• _EXERCISE AIM_
Look through the listing below and give the number of lines that hold "besselK". Say nothing more.

------------------------

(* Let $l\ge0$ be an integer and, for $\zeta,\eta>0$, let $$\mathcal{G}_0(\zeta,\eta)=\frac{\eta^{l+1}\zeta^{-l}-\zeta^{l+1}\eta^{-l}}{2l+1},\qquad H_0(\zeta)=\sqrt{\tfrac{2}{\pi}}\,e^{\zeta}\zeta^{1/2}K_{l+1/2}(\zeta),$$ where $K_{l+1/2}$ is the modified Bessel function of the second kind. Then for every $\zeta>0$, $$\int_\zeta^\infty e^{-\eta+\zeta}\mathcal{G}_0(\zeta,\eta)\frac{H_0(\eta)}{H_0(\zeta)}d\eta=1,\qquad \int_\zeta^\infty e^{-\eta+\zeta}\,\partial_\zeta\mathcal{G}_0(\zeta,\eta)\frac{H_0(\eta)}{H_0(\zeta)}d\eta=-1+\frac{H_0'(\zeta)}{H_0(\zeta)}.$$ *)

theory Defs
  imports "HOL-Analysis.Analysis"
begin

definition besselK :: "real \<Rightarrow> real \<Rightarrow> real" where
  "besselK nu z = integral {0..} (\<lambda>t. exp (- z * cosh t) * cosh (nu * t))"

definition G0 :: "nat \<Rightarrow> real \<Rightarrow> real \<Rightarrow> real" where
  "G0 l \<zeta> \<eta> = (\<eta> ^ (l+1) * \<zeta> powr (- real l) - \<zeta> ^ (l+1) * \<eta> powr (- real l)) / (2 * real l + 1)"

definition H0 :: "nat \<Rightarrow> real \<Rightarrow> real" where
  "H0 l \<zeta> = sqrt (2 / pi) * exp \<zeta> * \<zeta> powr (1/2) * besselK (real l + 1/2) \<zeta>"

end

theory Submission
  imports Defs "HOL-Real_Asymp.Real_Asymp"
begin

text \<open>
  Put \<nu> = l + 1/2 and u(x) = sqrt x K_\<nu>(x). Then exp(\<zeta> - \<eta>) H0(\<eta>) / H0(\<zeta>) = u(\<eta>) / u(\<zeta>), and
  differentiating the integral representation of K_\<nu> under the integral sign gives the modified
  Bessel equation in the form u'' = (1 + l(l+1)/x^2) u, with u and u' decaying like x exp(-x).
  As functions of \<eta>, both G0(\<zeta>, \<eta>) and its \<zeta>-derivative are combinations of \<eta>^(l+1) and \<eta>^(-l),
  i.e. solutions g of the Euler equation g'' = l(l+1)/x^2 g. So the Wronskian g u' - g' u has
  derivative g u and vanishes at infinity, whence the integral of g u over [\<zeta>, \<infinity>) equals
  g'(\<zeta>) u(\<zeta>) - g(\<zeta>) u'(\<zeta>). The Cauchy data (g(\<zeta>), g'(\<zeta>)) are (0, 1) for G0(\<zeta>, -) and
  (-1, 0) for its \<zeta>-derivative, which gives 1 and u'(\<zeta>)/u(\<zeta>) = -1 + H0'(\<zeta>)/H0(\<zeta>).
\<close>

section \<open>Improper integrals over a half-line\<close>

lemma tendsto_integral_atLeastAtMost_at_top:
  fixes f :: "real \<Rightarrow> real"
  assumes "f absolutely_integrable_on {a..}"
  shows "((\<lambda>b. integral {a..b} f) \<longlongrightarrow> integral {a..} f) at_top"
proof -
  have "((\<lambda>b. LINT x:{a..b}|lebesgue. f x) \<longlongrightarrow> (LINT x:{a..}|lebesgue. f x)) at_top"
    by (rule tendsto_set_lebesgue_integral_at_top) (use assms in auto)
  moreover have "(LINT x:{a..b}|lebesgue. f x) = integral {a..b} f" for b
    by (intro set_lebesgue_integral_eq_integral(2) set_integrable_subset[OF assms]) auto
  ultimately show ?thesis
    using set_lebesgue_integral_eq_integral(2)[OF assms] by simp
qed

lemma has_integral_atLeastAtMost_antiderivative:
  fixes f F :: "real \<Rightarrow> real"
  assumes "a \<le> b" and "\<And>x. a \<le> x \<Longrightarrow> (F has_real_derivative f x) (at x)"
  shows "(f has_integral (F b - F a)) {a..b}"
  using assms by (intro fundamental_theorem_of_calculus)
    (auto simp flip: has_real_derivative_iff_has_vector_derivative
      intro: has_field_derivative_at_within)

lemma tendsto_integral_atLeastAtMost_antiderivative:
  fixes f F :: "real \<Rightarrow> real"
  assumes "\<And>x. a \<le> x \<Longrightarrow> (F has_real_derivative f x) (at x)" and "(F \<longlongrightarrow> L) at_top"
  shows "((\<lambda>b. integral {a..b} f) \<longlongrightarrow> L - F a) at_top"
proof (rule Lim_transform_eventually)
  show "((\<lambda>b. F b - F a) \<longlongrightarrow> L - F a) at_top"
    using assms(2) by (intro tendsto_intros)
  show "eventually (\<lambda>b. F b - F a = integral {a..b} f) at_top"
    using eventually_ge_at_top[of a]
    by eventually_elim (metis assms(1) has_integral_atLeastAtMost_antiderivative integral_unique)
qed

------------------------

• _RESULT OF THIS TASK_
3